Having a nice sobriety update with my hubby last night, I casually mentioned that he might like to accompany me to an AA meeting one time in the future!He is the strong silent type and we can go ages without mentioning my not drinking but he is there backstage, emotionally holding me up a lot of the time.
I have recently attended a couple of AA meetings. It’s not as brave as it sounds because I have been in the company of a wonderful friend who I have met along the path of this blogging journey. I haven’t written about it until now because I feel a bit like I’ve not really taken this big step by myself instead I have piggybacked on to her hugely courageous path. It’s certainly not a trait of ours to take the easy way out of anything so not going initially alone makes me feel like a bit of a fraud and I like to beat myself up over that…why not?!
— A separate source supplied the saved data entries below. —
(* Let $G$ be a digraph with a fixed upward planar drawing and let $P$ and $Q$ be vertex disjoint directed paths in $G$. Then either $\mathrm{Right}(P)\cap Q=\emptyset$ or $\mathrm{Left}(P)\cap Q=\emptyset$.
   Context: An upward planar drawing of a digraph is a plane drawing (no edge crossings) in which every directed edge is a curve monotone increasing in the $y$-direction from tail to head. A path is identified with the set of points of $\mathbb{R}^2$ in its drawing. For a path $P$ with endpoints $(x,y)$ and $(x',y')$, $y\le y'$, define $\mathrm{Right}(P):=\{(u,v)\in\mathbb{R}^2: y\le v\le y' \text{ and } u'<u \text{ for all } u' \text{ with } (u',v)\in P\}$ and $\mathrm{Left}(P):=\{(u,v)\in\mathbb{R}^2: y\le v\le y' \text{ and } u'>u \text{ for all } u' \text{ with } (u',v)\in P\}$. *)

theory Defs
  imports "HOL-Analysis.Analysis"
begin

text \<open>Points of the plane are pairs (x,y) :: real \<times> real; the y-coordinate is snd.
  A digraph is a vertex set V with an edge relation E \<subseteq> V \<times> V (edge (u,v) goes from tail u
  to head v).  A drawing assigns a point pos v to each vertex and a curve cur e
  (a path on [0,1]) to each edge.\<close>

definition upward_planar_drawing ::
  "'v set \<Rightarrow> ('v \<times> 'v) set \<Rightarrow> ('v \<Rightarrow> real \<times> real) \<Rightarrow> ('v \<times> 'v \<Rightarrow> real \<Rightarrow> real \<times> real) \<Rightarrow> bool"
where
  "upward_planar_drawing V E pos cur \<longleftrightarrow>
     E \<subseteq> V \<times> V \<and>
     inj_on pos V \<and>
     (\<forall>e\<in>E. arc (cur e) \<and> pathstart (cur e) = pos (fst e) \<and> pathfinish (cur e) = pos (snd e)
        \<and> strict_mono_on {0..1} (\<lambda>t. snd (cur e t))) \<and>
     (\<forall>e\<in>E. \<forall>v\<in>V. pos v \<in> path_image (cur e) \<longrightarrow> v = fst e \<or> v = snd e) \<and>
     (\<forall>e\<in>E. \<forall>e'\<in>E. e \<noteq> e' \<longrightarrow>
        path_image (cur e) \<inter> path_image (cur e') \<subseteq> pos ` ({fst e, snd e} \<inter> {fst e', snd e'}))"

definition directed_path :: "'v set \<Rightarrow> ('v \<times> 'v) set \<Rightarrow> 'v list \<Rightarrow> bool" where
  "directed_path V E ps \<longleftrightarrow> ps \<noteq> [] \<and> distinct ps \<and> set ps \<subseteq> V \<and>
     (\<forall>i. Suc i < length ps \<longrightarrow> (ps ! i, ps ! Suc i) \<in> E)"

definition path_points ::
  "('v \<Rightarrow> real \<times> real) \<Rightarrow> ('v \<times> 'v \<Rightarrow> real \<Rightarrow> real \<times> real) \<Rightarrow> 'v list \<Rightarrow> (real \<times> real) set" where
  "path_points pos cur ps = pos ` set ps \<union>
     (\<Union>i\<in>{i. Suc i < length ps}. path_image (cur (ps ! i, ps ! Suc i)))"

definition Right_of :: "(real \<times> real) set \<Rightarrow> real \<times> real \<Rightarrow> real \<times> real \<Rightarrow> (real \<times> real) set" where
  "Right_of P a b = {(u,v). snd a \<le> v \<and> v \<le> snd b \<and> (\<forall>u'. (u',v) \<in> P \<longrightarrow> u' < u)}"

definition Left_of :: "(real \<times> real) set \<Rightarrow> real \<times> real \<Rightarrow> real \<times> real \<Rightarrow> (real \<times> real) set" where
  "Left_of P a b = {(u,v). snd a \<le> v \<and> v \<le> snd b \<and> (\<forall>u'. (u',v) \<in> P \<longrightarrow> u' > u)}"

definition RightP where
  "RightP pos cur ps = Right_of (path_points pos cur ps) (pos (hd ps)) (pos (last ps))"

definition LeftP where
  "LeftP pos cur ps = Left_of (path_points pos cur ps) (pos (hd ps)) (pos (last ps))"

end

theory Submission
  imports Defs
begin

text \<open>The drawing of P is the image of a curve whose height is strictly increasing, so P meets
  every horizontal line between its endpoints in exactly one point.  Points of the plane lying
  strictly to the right (left) of P on their own horizontal line form an open set, because P is
  compact.  Since Q is drawn upward as well, the part of Q between a point of Right(P) and a point
  of Left(P) is a connected set within the height range of P; it avoids P, so it would be covered
  by these two disjoint open sets, meeting both.\<close>

definition drawn_subgraph ::
  "('v \<Rightarrow> real \<times> real) \<Rightarrow> ('v \<times> 'v \<Rightarrow> real \<Rightarrow> real \<times> real) \<Rightarrow> ('v \<times> 'v) set \<Rightarrow> 'v set \<Rightarrow> (real \<times> real) set"
where
  "drawn_subgraph pos cur E A = pos ` A \<union> (\<Union>e\<in>E \<inter> A \<times> A. path_image (cur e))"

lemma upward_planar_drawing_edgeD:
  assumes "upward_planar_drawing V E pos cur" "(v, w) \<in> E"
  shows "arc (cur (v, w))" "pathstart (cur (v, w)) = pos v" "pathfinish (cur (v, w)) = pos w"
    "strict_mono_on {0..1} (\<lambda>t. snd (cur (v, w) t))"
  using assms unfolding upward_planar_drawing_def by fastforce+

lemma drawn_subgraphs_disjoint:
  assumes D: "upward_planar_drawing V E pos cur"
    and "A \<subseteq> V" "B \<subseteq> V" "A \<inter> B = {}"
  shows "drawn_subgraph pos cur E A \<inter> drawn_subgraph pos cur E B = {}"
proof -
  have inj: "inj_on pos V"
    and vertex: "\<And>e v. e \<in> E \<Longrightarrow> v \<in> V \<Longrightarrow> pos v \<in> path_image (cur e) \<Longrightarrow> v = fst e \<or> v = snd e"
    and cross: "\<And>e e'. e \<in> E \<Longrightarrow> e' \<in> E \<Longrightarrow> e \<noteq> e' \<Longrightarrow>
        path_image (cur e) \<inter> path_image (cur e') \<subseteq> pos ` ({fst e, snd e} \<inter> {fst e', snd e'})"
    using D unfolding upward_planar_drawing_def by blast+
  have off_edge: "pos a \<notin> path_image (cur e)" if "a \<in> V" "e \<in> E" "a \<notin> {fst e, snd e}" for a e
    using vertex[OF that(2,1)] that(3) by blast
  have "pos a \<noteq> pos b" if "a \<in> A" "b \<in> B" for a b
    using inj_onD[OF inj] that assms(2-4) by blast
  moreover have "pos a \<notin> path_image (cur e)" if "a \<in> A" "e \<in> E \<inter> B \<times> B" for a e
    using off_edge[of a e] that assms(2,4) by (auto simp: mem_Times_iff)
  moreover have "pos b \<notin> path_image (cur e)" if "b \<in> B" "e \<in> E \<inter> A \<times> A" for b e
    using off_edge[of b e] that assms(3,4) by (auto simp: mem_Times_iff)
  moreover have "path_image (cur e) \<inter> path_image (cur e') = {}"
    if "e \<in> E \<inter> A \<times> A" "e' \<in> E \<inter> B \<times> B" for e e'
  proof -
    have "e \<noteq> e'" "{fst e, snd e} \<inter> {fst e', snd e'} = {}"
      using that assms(4) by (auto simp: mem_Times_iff)
    then show ?thesis using cross[of e e'] that by auto
  qed
  ultimately show ?thesis
    unfolding drawn_subgraph_def by blast
qed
I’ve always thought that if I feel like my sobriety is threatened in any way, I would not have a problem taking myself off to AA to do there whatever it takes to stay sober.
What I hadn’t appreciated before going was how how much the experience would add to how I feel about being sober. There were kind, welcoming, clever, funny, gorgeous people there, with such interesting stories and journies to share. Everyone I heard from had at least a part of their drinking history that resonated with me. It was humbling to be amongst folk who just ‘get it’ to see how ‘normal’ we all really are.
So, I have plans to go to a meeting by myself soon, nearer to my home and I am not frightened about that anymore. I am not sure where that will lead and whether I will be up for the steps or the full programme etc but like sobriety I will take my baby steps today and not worry too much about the rest of it and see where I end up.
It’s another step in the right direction for me, i’m sure of that.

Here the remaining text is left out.